International religious liberty
Baptists should also care about religious liberty around the world, Marshall said.
She pointed to the nation of Myanmar, where Central has a partnership and is thus a place she frequently visits. Christians in Myanmar represent a minority and live in a land where the government favors another religion, Buddhism.
Marshall noted several problematic laws, including requiring people to convert religions to get approval, making it difficult for Buddhist women to marry outside the faith and obstacles to building religious buildings.
“Baptists have made religious liberty a hallmark of our faith and it matters that we stand with other Baptists, especially those in Myanmar who face severe constriction of free exercise,” she said.
Elijah Brown agrees with Marshall’s plea. He serves as the executive vice president of the 21st Century Wilberforce Initiative, an organization that focuses on issues of international persecution and religious liberty.

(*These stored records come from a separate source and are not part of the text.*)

lemma mem_pow_image_iff_card_roots:
  assumes "\<not> p dvd q" "X \<subseteq> carrier G"
  shows "z \<in> (\<lambda>x. x [^] q) ` X \<longleftrightarrow> card {x \<in> X. x [^] q = z} = 1"
proof -
  have "finite {x \<in> X. x [^] q = z}"
    using finite_subset[OF assms(2) finite_carrier] by simp
  have "z \<in> (\<lambda>x. x [^] q) ` X \<longleftrightarrow> {x \<in> X. x [^] q = z} \<noteq> {}"
    by blast
  also have "\<dots> \<longleftrightarrow> card {x \<in> X. x [^] q = z} \<noteq> 0"
    by (simp only: card_0_eq[OF \<open>finite {x \<in> X. x [^] q = z}\<close>])
  also have "\<dots> \<longleftrightarrow> card {x \<in> X. x [^] q = z} = 1"
    using card_pow_roots_le_one[OF assms, of z] by linarith
  finally show ?thesis .
qed

lemma cay_aut_card_pow_roots_cong:
  assumes X: "X \<subseteq> carrier G" and q: "prime q"
    and \<sigma>: "\<sigma> \<in> cay_aut G X" and a: "a \<in> carrier G" and b: "b \<in> carrier G"
  shows "[card {x \<in> X. x [^] q = b \<otimes> inv a} = card {x \<in> X. x [^] q = \<sigma> b \<otimes> inv (\<sigma> a)}] (mod q)"
proof -
  let ?walks = "walk_count (carrier G) (cay_arcs G X) q"
  have \<sigma>a: "\<sigma> a \<in> carrier G" and \<sigma>b: "\<sigma> b \<in> carrier G"
    using cay_aut_closed[OF \<sigma>] a b by auto
  have "[card {x \<in> X. x [^] q = b \<otimes> inv a} = ?walks \<one> (b \<otimes> inv a)] (mod q)"
    using walk_count_prime_cong[OF X q] a b by (simp add: cong_sym_eq)
  also have "?walks \<one> (b \<otimes> inv a) = ?walks a b"
    using walk_count_eq_walk_count_from_one[OF X a b] by simp
  also have "\<dots> = ?walks (\<sigma> a) (\<sigma> b)"
    using cay_aut_preserves_walk_count[OF \<sigma> a b] by simp
  also have "\<dots> = ?walks \<one> (\<sigma> b \<otimes> inv (\<sigma> a))"
    using walk_count_eq_walk_count_from_one[OF X \<sigma>a \<sigma>b] .
  also have "[\<dots> = card {x \<in> X. x [^] q = \<sigma> b \<otimes> inv (\<sigma> a)}] (mod q)"
    using walk_count_prime_cong[OF X q] \<sigma>a \<sigma>b by simp
  finally show ?thesis .
qed

lemma cay_aut_subset_cay_aut_pow_prime:
  assumes X: "X \<subseteq> carrier G" and q: "prime (q :: nat)"
  shows "cay_aut G X \<subseteq> cay_aut G ((\<lambda>x. x [^] q) ` X)"
proof (cases "p dvd q")
  case True
  have "x [^] q = \<one>" if "x \<in> X" for x
  proof -
    have "ord x dvd q"
      using ord_dvd_group_order[of x] that X card_carrier True
      by (auto simp: Coset.order_def intro: dvd_trans)
    then show ?thesis
      using that X by (auto simp: pow_eq_id)
  qed
  then show ?thesis
    by (intro cay_aut_subset_cay_aut_if_subset_one[OF X]) auto
next
  case False
  let ?Y = "(\<lambda>x. x [^] q) ` X"
  have "b \<otimes> inv a \<in> ?Y \<longleftrightarrow> \<sigma> b \<otimes> inv (\<sigma> a) \<in> ?Y"
    if \<sigma>: "\<sigma> \<in> cay_aut G X" and "a \<in> carrier G" "b \<in> carrier G" for \<sigma> a b
  proof -
    have "card {x \<in> X. x [^] q = b \<otimes> inv a} = card {x \<in> X. x [^] q = \<sigma> b \<otimes> inv (\<sigma> a)}"
      using cay_aut_card_pow_roots_cong[OF X q that] card_pow_roots_le_one[OF False X]
        prime_gt_1_nat[OF q]
      by (elim cong_less_modulus_unique_nat) (auto intro: le_less_trans)
    then show ?thesis
      using mem_pow_image_iff_card_roots[OF False X] by simp
  qed
  moreover have "?Y \<subseteq> carrier G"
    using X by auto
  ultimately show ?thesis
    using X by (auto simp: mem_cay_aut_iff)
qed

lemma cay_aut_subset_cay_aut_pow:
  assumes X: "X \<subseteq> carrier G"
  shows "cay_aut G X \<subseteq> cay_aut G ((\<lambda>x. x [^] (m :: nat)) ` X)"
proof (induction m rule: prime_divisors_induct)
  case zero
  show ?case
    using X by (intro cay_aut_subset_cay_aut_if_subset_one) auto
next
  case (unit m)
  then show ?case
    using X by (auto simp: image_cong[OF refl, of X _ id] subset_iff)
next
  case (factor q m)
  have image_mult: "(\<lambda>x. x [^] (q * m)) ` X = (\<lambda>y. y [^] q) ` (\<lambda>x. x [^] m) ` X"
    using X by (auto simp: image_image nat_pow_pow mult.commute intro!: image_cong)
  have "(\<lambda>x. x [^] m) ` X \<subseteq> carrier G"
    using X by auto
  then show ?case
    unfolding image_mult
    using subset_trans[OF factor.IH cay_aut_subset_cay_aut_pow_prime[OF _ factor.hyps(1)]] by blast
qed

lemma pow_image_subset_if_cay_aut:
  assumes S: "S \<subseteq> carrier G" and \<sigma>: "\<sigma> \<in> cay_aut G S" and \<sigma>_one: "\<sigma> \<one> = \<one>"
    and y: "y \<in> carrier G" "y \<noteq> \<one>" and \<sigma>_y: "\<sigma> y = y [^] (k :: nat)"
  shows "(\<lambda>s. s [^] k) ` S \<subseteq> S"
proof
  fix u assume "u \<in> (\<lambda>s. s [^] k) ` S"
  then obtain s where s: "s \<in> S" "u = s [^] k"
    by blast
  show "u \<in> S"
  proof (cases "s = \<one>")
    case True
    then show ?thesis
      using s by simp
  next
    case False
    obtain j :: nat where j: "j < p" "y = s [^] j"
      using exists_pow_eq[OF _ False y(1)] s S by blast
    then have "\<not> p dvd j"
      using y(2) s S False pow_eq_one_iff by (metis subsetD)
    have "(\<lambda>x. x [^] j) ` S \<subseteq> carrier G"
      using S by auto
    moreover have "\<sigma> \<in> cay_aut G ((\<lambda>x. x [^] j) ` S)"
      using cay_aut_subset_cay_aut_pow[OF S] \<sigma> by blast
    moreover have "y \<otimes> inv \<one> \<in> (\<lambda>x. x [^] j) ` S"
      using j s y by simp
    ultimately have "\<sigma> y \<otimes> inv (\<sigma> \<one>) \<in> (\<lambda>x. x [^] j) ` S"
      using y(1) by (simp add: cay_aut_quotient_iff)
    then obtain t where t: "t \<in> S" "y [^] k = t [^] j"
      using \<sigma>_y \<sigma>_one y by auto
    have "(s [^] k) [^] j = (s [^] j) [^] k"
      using s S by (auto simp: nat_pow_pow mult.commute)
    also have "\<dots> = t [^] j"
      using t j by simp
    finally have "(s [^] k) [^] j = t [^] j" .
    then have "s [^] k = t"
      using inj_on_pow[OF \<open>\<not> p dvd j\<close>] s t S by (auto dest: inj_onD)
    then show ?thesis
      using s t by simp
  qed
qed

lemma cay_aut_fixing_one_eq_id:
  assumes S: "S \<subseteq> carrier G" and stab: "aut_stab_trivial G S"
    and \<sigma>: "\<sigma> \<in> cay_aut G S" and \<sigma>_one: "\<sigma> \<one> = \<one>" and y: "y \<in> carrier G"
  shows "\<sigma> y = y"
proof (cases "y = \<one>")
  case False
  have "\<sigma> y \<noteq> \<one>"
    using cay_aut_bij[OF \<sigma>] \<sigma>_one y False by (metis bij_betw_iff_bijections one_closed)
  obtain k :: nat where k: "k < p" "\<sigma> y = y [^] k"
    using exists_pow_eq[OF y False cay_aut_closed[OF \<sigma> y]] by blast
  with \<open>\<sigma> y \<noteq> \<one>\<close> have "k \<noteq> 0"
    by (metis nat_pow_0)
  with k(1) have "\<not> p dvd k"
    by (auto dest: dvd_imp_le)
  have "finite S"
    using S finite_carrier by (rule finite_subset)
  moreover have "inj_on (\<lambda>s. s [^] k) S"
    using inj_on_pow[OF \<open>\<not> p dvd k\<close>] S by (rule inj_on_subset)
  ultimately have "(\<lambda>s. s [^] k) ` S = S"
    using pow_image_subset_if_cay_aut[OF S \<sigma> \<sigma>_one y False k(2)] by (intro endo_inj_surj)
  then have "x [^] k = x" if "x \<in> carrier G" for x
    using stab pow_in_iso[OF \<open>\<not> p dvd k\<close>] that unfolding aut_stab_trivial_def by blast
  then show ?thesis
    using k(2) y by simp
qed (use \<sigma>_one in simp)

lemma DRR_detecting: "DRR_detecting G"
  unfolding DRR_detecting_def
  using is_DRR_if_stabiliser_trivial cay_aut_fixing_one_eq_id by blast

end

lemma GRR_detecting_if_DRR_detecting: "DRR_detecting G \<Longrightarrow> GRR_detecting G"
  unfolding DRR_detecting_def GRR_detecting_def is_GRR_def by blast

Brown noted that more than 77 percent of the world — or more than 5 billion people — “continue to live in contexts of religious discrimination, marginalization and persecution.”
Places where the 21st Century Wilberforce Initiative has worked recently include Iraq, Nigeria, Hong Kong and Ethiopia.
“As the most globally diffuse religion, Christians are the most persecuted faith community worldwide and face restriction, discrimination or persecution in over 60 countries,” he added. “On average, 20 Christians are martyred every day.”
Brown and his organization do not merely advocate for Christians, but also work to advance religious liberty rights for other persecuted religious groups.
“Practically from the beginning, Baptists have championed religious freedom, and that religious freedom applied not just to Christians but for all people in all places of all religions,” he said.
Brown also sees religious liberty as beneficial to society overall.
“Religious freedom is vital to building democratic societies,” he said. “Human rights and religious freedom allows people to exchange ideas and to build society by persuasion rather than by manipulation or force.
“Religious freedom builds a deep respect for human dignity and the value of every individual’s conscience,” he added. “Where religious freedom and human rights are emphasized, the temptation to extremism is brought down.”
— This story appeared originally at wordandway.org.